Been following the Bentz et al line of #language #complexity research since the 2018 #evolang workshop, great to see this paper out now: https://www.degruyter.com/document/doi/10.1515/lingvan-2021-0054/html?lang=en
But also cool, more thinking in #ensembles!
Us in https://arxiv.org/abs/2205.10271: "instead [of a single metric of visual complexity] use an array of estimates that captures complimentary aspects of complexity"
Bentz et al: "capture the complexity of a language by a vector of measurements, rather than a single value"

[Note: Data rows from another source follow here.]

lemma realify_mult:
  assumes Z: "Z \<in> carrier_mat k k" and W: "W \<in> carrier_mat k k"
  shows "realify (Z * W) = realify Z * realify W"
proof -
  have neg_Im: "\<And>X :: complex mat. - map_mat Im X = map_mat (\<lambda>x. - Im x) X"
    by (rule eq_matI) auto
  have ZW: "\<And>i j. i < k \<Longrightarrow> j < k \<Longrightarrow> (Z * W) $$ (i, j) = (\<Sum>m<k. Z $$ (i, m) * W $$ (m, j))"
    by (rule index_mult_mat_sum[OF Z W])
  have re: "\<And>i j. i < k \<Longrightarrow> j < k \<Longrightarrow> Re ((Z * W) $$ (i, j))
      = (\<Sum>m<k. Re (Z $$ (i, m)) * Re (W $$ (m, j)) + - Im (Z $$ (i, m)) * Im (W $$ (m, j)))"
    unfolding ZW Re_sum by simp
  have im: "\<And>i j. i < k \<Longrightarrow> j < k \<Longrightarrow> Im ((Z * W) $$ (i, j))
      = (\<Sum>m<k. Im (Z $$ (i, m)) * Re (W $$ (m, j)) + Re (Z $$ (i, m)) * Im (W $$ (m, j)))"
    unfolding ZW Im_sum by (simp add: algebra_simps)
  have "realify Z * realify W = four_block_mat
      (map_mat Re Z * map_mat Re W + map_mat (\<lambda>x. - Im x) Z * map_mat Im W)
      (map_mat Re Z * map_mat (\<lambda>x. - Im x) W + map_mat (\<lambda>x. - Im x) Z * map_mat Re W)
      (map_mat Im Z * map_mat Re W + map_mat Re Z * map_mat Im W)
      (map_mat Im Z * map_mat (\<lambda>x. - Im x) W + map_mat Re Z * map_mat Re W)"
    unfolding realify_def neg_Im by (rule mult_four_block_mat) (use Z W in auto)
  also have "\<dots> = realify (Z * W)"
    unfolding realify_def neg_Im map_mat_mult_add[OF Z W]
    by (rule cong_four_block_mat; rule eq_matI)
      (use Z W in \<open>simp_all add: re im sum_negf[symmetric] algebra_simps del: index_mult_mat(1)\<close>)
  finally show ?thesis by simp
qed

lemma realify_mult_J_std:
  assumes Z: "Z \<in> carrier_mat k k"
  shows "realify Z * J_std k = J_std k * realify Z"
proof (rule eq_matI)
  fix l c assume "l < dim_row (J_std k * realify Z)" "c < dim_col (J_std k * realify Z)"
  then have l: "l < k + k" and c: "c < k + k" using J_std_carrier[of k] realify_carrier[OF Z] by auto
  have "(realify Z * J_std k) $$ (l, c) = (\<Sum>m<k + k. realify Z $$ (l, m) * J_std k $$ (m, c))"
    by (rule index_mult_mat_sum[OF realify_carrier[OF Z] J_std_carrier l c])
  also have "\<dots> = (if c < k then realify Z $$ (l, c + k) else - realify Z $$ (l, c - k))"
    by (rule sum_mult_J_std[OF c])
  also have "\<dots> = (if l < k then - realify Z $$ (l + k, c) else realify Z $$ (l - k, c))"
    using l c Z by (auto simp: realify_index)
  also have "\<dots> = (\<Sum>m<k + k. J_std k $$ (l, m) * realify Z $$ (m, c))"
    by (rule sum_J_std_mult[OF l, symmetric])
  also have "\<dots> = (J_std k * realify Z) $$ (l, c)"
    by (rule index_mult_mat_sum[OF J_std_carrier realify_carrier[OF Z] l c, symmetric])
  finally show "(realify Z * J_std k) $$ (l, c) = (J_std k * realify Z) $$ (l, c)" .
qed (use J_std_carrier[of k] realify_carrier[OF Z] in auto)

definition unrealify :: "nat \<Rightarrow> real mat \<Rightarrow> complex mat" where
  "unrealify k C = mat k k (\<lambda>(i, j). Complex (C $$ (i, j)) (C $$ (k + i, j)))"

lemma unrealify_carrier: "unrealify k C \<in> carrier_mat k k"
  unfolding unrealify_def by simp

lemma realify_unrealify_if_commutes_J_std:
  assumes C: "C \<in> carrier_mat (k + k) (k + k)" and comm: "C * J_std k = J_std k * C"
  shows "realify (unrealify k C) = C"
proof (rule eq_matI)
  have shift: "(if c < k then C $$ (l, c + k) else - C $$ (l, c - k))
      = (if l < k then - C $$ (l + k, c) else C $$ (l - k, c))"
    if l: "l < k + k" and c: "c < k + k" for l c
    using arg_cong[OF comm, of "\<lambda>X. X $$ (l, c)"]
    unfolding index_mult_mat_sum[OF C J_std_carrier l c] index_mult_mat_sum[OF J_std_carrier C l c]
      sum_mult_J_std[OF c] sum_J_std_mult[OF l] .
  fix l c assume "l < dim_row C" "c < dim_col C"
  with C have l: "l < k + k" and c: "c < k + k" by auto
  show "realify (unrealify k C) $$ (l, c) = C $$ (l, c)"
  proof (cases "c < k")
    case True
    then show ?thesis
      using l c unfolding realify_index[OF unrealify_carrier l c] by (simp add: unrealify_def)
  next
    case False
    then have "c - k < k + k" "c - k < k" "c - k + k = c" using c by auto
    then have "C $$ (l, c) = (if l < k then - C $$ (l + k, c - k) else C $$ (l - k, c - k))"
      using shift[OF l \<open>c - k < k + k\<close>] by simp
    then show ?thesis
      using False l c unfolding realify_index[OF unrealify_carrier l c]
      by (simp add: unrealify_def add.commute)
  qed
qed (use C realify_carrier[OF unrealify_carrier] in auto)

In linguistics, there is little consensus on how to define, measure, and compare complexity across languages. We propose to take the diversity of viewpoints as a given, and to capture the complexity of a language by a vector of measurements, rather than a single value. We then assess the statistical support for two controversial hypotheses: the trade-off hypothesis and the equi-complexity hypothesis. We furnish meta-analyses of 28 complexity metrics applied to texts written in overall 80 typologically diverse languages. The trade-off hypothesis is partially supported, in the sense that around one third of the significant correlations between measures are negative. The equi-complexity hypothesis, on the other hand, is largely confirmed. While we find evidence for complexity differences in the domains of morphology and syntax, the overall complexity vectors of languages turn out virtually indistinguishable.